In searching around for nice things to say about this week's Fenway program, it seems on the whole best to dwell on Leatrice Joy's "Made for Love" and leave "The Red Kimono" (Is that the way you spell "Kimono"?) discreetly in the background. Discussing even this one, it will be necessary to tread cautiously. It would be easy to get unpleasant, and that wouldn't do at all because just now the Playgoer editor is conducting a campaign to be as nice as possible to everybody and try to remove this department's reputation for cynicism and general all-round bad temper.
To begin with, "Made For Love" has to do with the pyramids, desert Bedouins, the Valley of the Kings, and such things, which, as everyone knows, are fascinating subjects and enough to make a wow of any movie. Leatrice Joy is a sinuous and seductive heroine with a surprising hair cut. She doesn't look at all, like a star of other days staging a come-back. Opposite her la Edmund Burns whose handsome face has a tendency to fall into a peculiar half sour expression which reminded us of the new explanation of the physiognomy of a certain famous--well, not statesman exactly; to wit, that he was weaned on a pickle.

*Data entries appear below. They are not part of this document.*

(* Let $G$ be a dense $K_4^3\cup e$-free $3$-graph with $\lambda(G)>\frac{\sqrt3}{18}$. Then $G$ is $X_4$-free.
   Context: $K_4^3\cup e$ is the $3$-graph on $\{1,\dots,7\}$ with edges $\{123,124,134,234,567\}$. For a $3$-graph $G$ on $[n]$, $\lambda(G)=\max\{\sum_{e\in E(G)}\prod_{i\in e}x_i:\sum_ix_i=1,x_i\ge0\}$. An $r$-graph $G$ is dense if $\lambda(G')<\lambda(G)$ for every proper subgraph $G'$ of $G$. $X_i$ is the $3$-graph on $[2i+2]$ in which $\{1,2,2j+1,2j+2\}$ spans a $K_4^3$ for each $1\le j\le i$, and no other edges. *)

theory Defs
  imports Complex_Main
begin

definition hypergraph3 :: "'a set \<Rightarrow> 'a set set \<Rightarrow> bool" where
  "hypergraph3 V E \<longleftrightarrow> finite V \<and> (\<forall>e\<in>E. e \<subseteq> V \<and> card e = 3)"

text \<open>Lagrangian: maximum of the edge polynomial over the standard simplex on V
  (the value 0 is added so that the graph with no vertices has Lagrangian 0;
  for nonempty V this does not change the supremum since all values are nonnegative).\<close>
definition lagrangian :: "'a set \<Rightarrow> 'a set set \<Rightarrow> real" where
  "lagrangian V E = Sup (insert 0 {(\<Sum>e\<in>E. \<Prod>i\<in>e. x i) | x.
      (\<forall>i\<in>V. 0 \<le> x i) \<and> (\<Sum>i\<in>V. x i) = 1})"

definition subgraph3 :: "'a set \<Rightarrow> 'a set set \<Rightarrow> 'a set \<Rightarrow> 'a set set \<Rightarrow> bool" where
  "subgraph3 V' E' V E \<longleftrightarrow> V' \<subseteq> V \<and> E' \<subseteq> E \<and> hypergraph3 V' E'"

definition dense3 :: "'a set \<Rightarrow> 'a set set \<Rightarrow> bool" where
  "dense3 V E \<longleftrightarrow> (\<forall>V' E'. subgraph3 V' E' V E \<and> (V', E') \<noteq> (V, E)
      \<longrightarrow> lagrangian V' E' < lagrangian V E)"

definition contains3 :: "'a set \<Rightarrow> 'a set set \<Rightarrow> 'b set \<Rightarrow> 'b set set \<Rightarrow> bool" where
  "contains3 V E FV FE \<longleftrightarrow> (\<exists>\<phi>. inj_on \<phi> FV \<and> \<phi> ` FV \<subseteq> V \<and> (\<forall>e\<in>FE. \<phi> ` e \<in> E))"

definition free3 :: "'a set \<Rightarrow> 'a set set \<Rightarrow> 'b set \<Rightarrow> 'b set set \<Rightarrow> bool" where
  "free3 V E FV FE \<longleftrightarrow> \<not> contains3 V E FV FE"

definition K43e_V :: "nat set" where "K43e_V = {1..7}"
definition K43e_E :: "nat set set" where
  "K43e_E = {{1,2,3},{1,2,4},{1,3,4},{2,3,4},{5,6,7}}"

definition X_V :: "nat \<Rightarrow> nat set" where "X_V i = {1..2*i+2}"
definition X_E :: "nat \<Rightarrow> nat set set" where
  "X_E i = (\<Union>j\<in>{1..i}. {e. e \<subseteq> {1, 2, 2*j+1, 2*j+2} \<and> card e = 3})"

end

theory Submission
  imports Defs
begin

At this point we had intended originally to insert a few paragraphs from a recent work of ours on "The Cattle Industry in Relation to Westward Migration 1650-1673". But perhaps it would be just as well to stop right here. . . . Oh yes, just a word about "The Red Kimono". It is a sermon by Mrs. Wallace Reid on the life of the streetwalker and its attendant evils. Being a bit irrelevant as far as we were concerned, it didn't get a very vital grip on our interest, except as it distressed whatever feelings we have for art in the movies.
There wasn't any "Felix" cartoon on the program.